The distance computation depends on the InputLanguage and UseTokenizer syntax elements (for details, see the description of the dist operation).

A paragraph ends with either "\n" or "\r\n". A sentence ends with either period (.), question mark (?), or exclamation mark (!). The function fragments the input into paragraphs or sentences and then checks the context rule on each piece of text. If one piece satisfies the rule, then the function tags the whole input.

opn (where n is 1, 2, or 3) can be a list of words. Enclose the list in double quotation marks and separate the words with semicolons. For example: "good;bad;neutral"

If opn is a Java regular expression, then exp can be a list. Separate the items with semicolons. For example: regex"invest[\w]*;volatil[\w]*;risk"

When a list appears in an inclusion context, the rule is satisfied if at least one item appears in the context. When a list appears in an exclusion context, the rule is satisfied if no item appears in the context.
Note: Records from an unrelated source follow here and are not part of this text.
(* Let $\mathbb{F}\in\{\mathbb{R},\mathbb{C}\}$, $d=2$, $n\ge1$, let $a_{k,2}\in\mathbb{F}$ ($2\le k\le n$), and let $L_0,\dots,L_n\in\mathbb{F}[x_1,x_2]$ be defined by $L_0=1$, $L_1=x_1$ and, for $2\le k\le n$, $$L_k=\Psi_1(L_{k-1})+\Psi_2\Big(\Big(\sum_{t=2}^{k-1}a_{t,2}L_{k-t}\Big)_{i_1=0}\Big)+a_{k,2}x_2.$$ Let $\mathbf{z}_0\in\mathbb{F}^2$ and define $\mathbf{z}_0(h)=\mathbf{z}_0$, $\mathbf{z}_1(h)=\mathbf{z}_0+(h,0)$, and $$\mathbf{z}_i(h)=\mathbf{z}_0+\Big(ih,\ \sum_{j=2}^{i}i(i-1)\cdots(i-j+1)\,a_{j,2}h^j\Big),\qquad i=2,\dots,n.$$ With $A^{(m)}_k=(-1)^{m-k}\frac{1}{k!(m-k)!}$, for every function $f$ analytic at $\mathbf{z}_0$ and every $m=0,\dots,n$, $$(L_m(D)f)(\mathbf{z}_0)=\lim_{h\to0}\frac{1}{h^m}\sum_{i=0}^mA^{(m)}_i f(\mathbf{z}_i(h));$$ i.e. $\mathrm{span}\{\delta_{\mathbf{z}_0}\circ L_0(D),\dots,\delta_{\mathbf{z}_0}\circ L_n(D)\}=\lim_{h\to0}\mathrm{span}\{\delta_{\mathbf{z}_i(h)}:i=0,\dots,n\}$.
   Context: $\Psi_j$ is the linear operator with $\Psi_j(x_1^{\alpha_1}x_2^{\alpha_2})=\frac{1}{\alpha_j+1}x_1^{\alpha_1}\cdots x_j^{\alpha_j+1}\cdots$ (raising the exponent of $x_j$ by one and dividing by the new exponent); $(M)_{i_1=0}$ is the sum of the terms of $M$ not containing $x_1$. For $p=\sum c_\alpha\mathbf{x}^\alpha$, $p(D)=\sum c_\alpha\partial^{|\alpha|}/\partial x_1^{\alpha_1}\partial x_2^{\alpha_2}$; $\delta_{\mathbf z}$ is evaluation at $\mathbf z$, and the limit of spans is understood via the pointwise limit formula. *)

theory Defs
  imports "HOL-Analysis.Analysis"
begin

text \<open>Polynomials in F[x1,x2] are represented by their coefficient functions
  (exponent pair (i,j) stands for the monomial x1^i x2^j).\<close>
type_synonym 'a poly2 = "nat \<times> nat \<Rightarrow> 'a"

definition Psi1 :: "'a::field poly2 \<Rightarrow> 'a poly2" where
  "Psi1 p = (\<lambda>(i,j). if i = 0 then 0 else p (i - 1, j) / of_nat i)"

definition Psi2 :: "'a::field poly2 \<Rightarrow> 'a poly2" where
  "Psi2 p = (\<lambda>(i,j). if j = 0 then 0 else p (i, j - 1) / of_nat j)"

text \<open>(M)_{i1=0}: keep the terms not containing x1.\<close>
definition restr0 :: "'a::zero poly2 \<Rightarrow> 'a poly2" where
  "restr0 p = (\<lambda>(i,j). if i = 0 then p (i,j) else 0)"

definition mono2 :: "nat \<times> nat \<Rightarrow> 'a::{zero,one} poly2" where
  "mono2 e = (\<lambda>\<alpha>. if \<alpha> = e then 1 else 0)"

function Lpoly :: "(nat \<Rightarrow> 'a::field) \<Rightarrow> nat \<Rightarrow> 'a poly2" where
  "Lpoly a 0 = mono2 (0,0)"
| "Lpoly a (Suc 0) = mono2 (1,0)"
| "Lpoly a (Suc (Suc k)) =
     (\<lambda>\<alpha>. Psi1 (Lpoly a (Suc k)) \<alpha>
        + Psi2 (restr0 (\<lambda>\<beta>. \<Sum>t\<in>{2..Suc k}. a t * Lpoly a (Suc (Suc k) - t) \<beta>)) \<alpha>
        + a (Suc (Suc k)) * mono2 (0,1) \<alpha>)"
  by pat_completeness auto
termination
  by (relation "Wellfounded.measure (\<lambda>(a,k). k)") auto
The operand-context pairs after op1 are optional; that is, the following are valid syntax:

superdist(col, op1,,,,)

superdist(col, op1, op2, con1,,)

superdist(col, op1,,, op3, con2)

superdist(col, op1, op2, con1, op3, con2)

superdist(col, op1,,,,)

The final syntax in the preceding list returns 'true' if op1 appears in col.

dict (col, "[schema/]dictionary",lower, upper)

Returns 'true' if, in column col, the number of items (lines in the dictionary file) is in the range [lower, upper]; 'false' otherwise.

This operation requires that dictionary file [schema.] dictionary is installed on ML Engine. Dictionary name, dictionary, is case-sensitive. If dictionary is in public schema, you can omit schema name, schema.

operation1 and operation2

Returns 'true' if both operation1 and operation2 return 'true'; 'false' otherwise.

operation1 or operation2

Returns 'true' if one or both operation1 or operation2 returns 'true'; 'false' otherwise.

not operation

Returns 'true' if operation returns 'false'; 'false' if operation returns 'true'.